Joe and Hunter Biden are contradicting each other about the extent of the former vice president’s knowledge regarding his son’s shadowy business dealings in Ukraine.
The former vice president told reporters during a campaign appearance in Iowa on Saturday that he denied ever having discussed his son’s position on the board of directors of Burisma Holdings, a Ukrainian oil and natural gas company.
“I have never spoken to my son about his overseas business dealings,” Joe Biden angrily told reporters, before accusing President Donald Trump of abusing his power by urging the Ukrainian government to investigate the matter.
The former vice president’s claim, however, is contradicted by Hunter Biden’s own words on the topic. The younger Biden admitted during a series of candid interviews for a New Yorker profile published in June that he in fact had discussed his foreign business interests with his father on at least one occasion.
“Dad said, ‘I hope you know what you are doing,’ and I said, ‘I do'” Hunter Biden told the magazine.

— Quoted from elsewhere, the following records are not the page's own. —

lemma has_real_derivative_cheb_T:
  "(cheb_T (Suc n) has_real_derivative real (Suc n) * cheb_U n x) (at x)"
proof (induction n arbitrary: x rule: induct_nat_012)
  case 0
  show ?case
    using DERIV_ident by (simp add: fun_eq_iff)
next
  case 1
  have "cheb_T 2 = (\<lambda>x. 2 * x * x - 1)"
    by (simp add: fun_eq_iff numeral_2_eq_2)
  then show ?case
    by (auto intro!: derivative_eq_intros simp: numeral_2_eq_2)
next
  case (ge2 n)
  have "((\<lambda>x. 2 * x) has_real_derivative 2) (at x)"
    by (auto intro!: derivative_eq_intros)
  from DERIV_diff[OF DERIV_mult[OF this ge2.IH(2)] ge2.IH(1)]
  have "((\<lambda>x. 2 * x * cheb_T (Suc (Suc n)) x - cheb_T (Suc n) x) has_real_derivative
      2 * cheb_T (Suc (Suc n)) x + 2 * x * (real (Suc (Suc n)) * cheb_U (Suc n) x)
      - real (Suc n) * cheb_U n x) (at x)"
    by (simp only: mult.commute)
  moreover have "cheb_T (Suc (Suc (Suc n))) = (\<lambda>x. 2 * x * cheb_T (Suc (Suc n)) x - cheb_T (Suc n) x)"
    by (rule ext) (rule cheb_T.simps)
  moreover have "2 * cheb_T (Suc (Suc n)) x + 2 * x * (real (Suc (Suc n)) * cheb_U (Suc n) x)
      - real (Suc n) * cheb_U n x = real (Suc (Suc (Suc n))) * cheb_U (Suc (Suc n)) x"
  proof -
    have "2 * x * (real (Suc (Suc n)) * cheb_U (Suc n) x)
        = real (Suc (Suc n)) * (cheb_U (Suc (Suc n)) x + cheb_U n x)"
      by (simp add: algebra_simps)
    with cheb_T_eq_cheb_U_diff[of n x] show ?thesis
      by (simp add: algebra_simps del: cheb_T.simps cheb_U.simps)
  qed
  ultimately show ?case
    by simp
qed

lemma has_real_derivative_cheb_T_primitive:
  assumes "n \<ge> 2"
  shows "((\<lambda>x. cheb_T (n + 1) x / (2 * real (n + 1)) - cheb_T (n - 1) x / (2 * real (n - 1)))
      has_real_derivative cheb_T n x) (at x)"
proof -
  obtain k where "n = Suc (Suc k)"
    using assms by (metis add_2_eq_Suc le_Suc_ex)
  then have n: "n + 1 = Suc (Suc (Suc k))" "n - 1 = Suc k" "n = Suc (Suc k)"
    by simp_all
  have "((\<lambda>x. cheb_T (n + 1) x / (2 * real (n + 1)) - cheb_T (n - 1) x / (2 * real (n - 1)))
      has_real_derivative real (Suc (Suc (Suc k))) * cheb_U (Suc (Suc k)) x / (2 * real (Suc (Suc (Suc k))))
        - real (Suc k) * cheb_U k x / (2 * real (Suc k))) (at x)"
    unfolding n(1,2) by (intro DERIV_diff DERIV_cdivide has_real_derivative_cheb_T)
  moreover have "real (Suc (Suc (Suc k))) * cheb_U (Suc (Suc k)) x / (2 * real (Suc (Suc (Suc k))))
      - real (Suc k) * cheb_U k x / (2 * real (Suc k)) = cheb_T n x"
    using cheb_T_eq_cheb_U_diff[of k x] unfolding n(3)
    by (simp del: of_nat_Suc cheb_T.simps cheb_U.simps)
  ultimately show ?thesis
    by simp
qed

lemma continuous_on_cheb_T: "continuous_on UNIV (cheb_T n)"
  by (induction n rule: induct_nat_012) (auto simp: fun_eq_iff intro!: continuous_intros)

lemma cheb_T_minus_one: "cheb_T n (-1) = (-1) ^ n"
  by (induction n rule: induct_nat_012) auto

lemma continuous_on_fM: "continuous_on UNIV (fM M a)"
  unfolding fM_def by (intro continuous_intros continuous_on_compose2[OF continuous_on_cheb_T]) auto

lemma volterra_conv_one:
  fixes f :: "real \<Rightarrow> real"
  assumes "continuous_on UNIV f" and "c \<le> y"
  shows "volterra_conv c f (\<lambda>_. 1) y = integral {c..y} f"
  using integral_volterra_conv[of "\<lambda>_. 1" "\<lambda>_. 0", OF _ assms(1) _ assms(2)] by simp

context
  fixes f :: "real \<Rightarrow> real" and y :: real
  assumes f: "continuous_on UNIV f" and y: "-1 \<le> y"
begin

lemma volterra_conv_cheb_T_0: "volterra_conv (-1) f (cheb_T 0) y = integral {-1..y} f"
proof -
  have "cheb_T 0 = (\<lambda>_. 1)"
    by (simp add: fun_eq_iff)
  with volterra_conv_one[OF f y] show ?thesis
    by simp
qed

lemma volterra_conv_cheb_T_1:
  "volterra_conv (-1) f (cheb_T 1) y
    = integral {-1..y} (volterra_conv (-1) f (cheb_T 0)) - volterra_conv (-1) f (cheb_T 0) y"
  using integral_volterra_conv[OF _ f continuous_on_cheb_T y, of "cheb_T 1"]
    has_real_derivative_cheb_T[of 0] volterra_conv_cheb_T_0
  by simp

lemma volterra_conv_cheb_T_2:
  "volterra_conv (-1) f (cheb_T 2) y
    = 4 * integral {-1..y} (volterra_conv (-1) f (cheb_T 1)) + volterra_conv (-1) f (cheb_T 0) y"
proof -
  have "((\<lambda>x. cheb_T 2 x / 4) has_real_derivative cheb_T 1 x) (at x)" for x
    using DERIV_cdivide[OF has_real_derivative_cheb_T[of 1 x], of 4] by (simp add: numeral_2_eq_2)
  from integral_volterra_conv[OF this f continuous_on_cheb_T y]
  show ?thesis
    by (simp add: volterra_conv_divide volterra_conv_cheb_T_0 cheb_T_minus_one)
qed

lemma integral_volterra_conv_cheb_T:
  assumes "n \<ge> 2"
  shows "integral {-1..y} (volterra_conv (-1) f (cheb_T n))
    = volterra_conv (-1) f (cheb_T (n + 1)) y / (2 * real (n + 1))
      - volterra_conv (-1) f (cheb_T (n - 1)) y / (2 * real (n - 1))
      - integral {-1..y} f * (- ((-1) ^ n) / (2 * real (n + 1)) - - ((-1) ^ n) / (2 * real (n - 1)))"
proof -
  have "continuous_on UNIV (\<lambda>x. cheb_T m x / r)" for m r
    unfolding divide_inverse by (intro continuous_on_mult_right continuous_on_cheb_T)
  then have conv_primitive: "volterra_conv (-1) f
      (\<lambda>x. cheb_T (n + 1) x / (2 * real (n + 1)) - cheb_T (n - 1) x / (2 * real (n - 1))) y
    = volterra_conv (-1) f (cheb_T (n + 1)) y / (2 * real (n + 1))
      - volterra_conv (-1) f (cheb_T (n - 1)) y / (2 * real (n - 1))"
    by (simp only: volterra_conv_diff[OF f] volterra_conv_divide)
  have signs: "(-1::real) ^ (n + 1) = - ((-1) ^ n)" "(-1::real) ^ (n - 1) = - ((-1) ^ n)"
    using assms by (simp_all add: power_diff)
  show ?thesis
    using integral_volterra_conv[OF has_real_derivative_cheb_T_primitive[OF assms] f
        continuous_on_cheb_T y]
    by (simp only: conv_primitive cheb_T_minus_one signs)
qed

The contradicting stories between father and son only underscore the multiple unanswered questions already plaguing the situation. At the center of controversy is how and why Hunter Biden was asked to join the Bursima board of directors in April 2014, despite not having any experience with Ukraine or the energy industry. Even more concerning to ethics watchdogs is the fact that at the same time Hunter Biden was tapped for the $83,000 a month job, his father was the Obama administration’s point man on Ukraine.
As Breitbart’s contributing editor Peter Schweizer noted in his book on the scandal, Hunter Biden joined Burisma at time when the company was seen as actively courting western leaders after its business practices came under scrutiny. The same month Hunter Biden joined the group, the government of Great Britain froze accounts belonging to Burisma founder, Mykola Zlochevsky, under suspicion of money laundering. Zlochevsky, a former Ukrainian minister of natural resources, would later be accused of corruption for using his office to approve oil and gas licenses to companies under his control.
The former vice president became entangled in the matter when he pushed the government of Ukraine to fire the country’s top prosecutor, Viktor Shokin, who was investigating the company and Zlochevsky for wrongdoing in 2016. Officially, Joe Biden claimed his threat to withhold more than $1 billion in U.S. loans to Ukraine came from then-President Barack Obama, who was worried Shokin had lost credibility with western leaders. Regardless of the reason, Shokin’s successor closed the investigation into Burisma and Zchlovesky, allowing the oligarch to return to the country after having fled in 2014.
Despite the shadowy entanglements that seem suggest a conflict of interest, neither Joe Biden nor his son have been willing to address the topic until earlier this week when news broke that Trump had requested Ukrainian authorities to probe the matter. The president defended his decision on Sunday, pointing out there were too many unanswered questions, especially given the Ukraine’s long history of public corruption.
“The conversation I had was largely congratulatory, with largely corruption, all of the corruption taking place and largely the fact that we don’t want our people like Vice President Biden and his son creating the corruption already in the Ukraine and Ukraine has got a lot of problems,” Trump told reporters before departing the White House for Houston, Texas.
Trump added that Joe and Hunter Biden had damaged their credibility by contradicting each other.
“This is a very dishonest thing that Joe Biden did, and then he said he never spoke to his son,” the president said. “Does anybody believe that one? But then he also said long before that he did speak to his son. So he lied again.”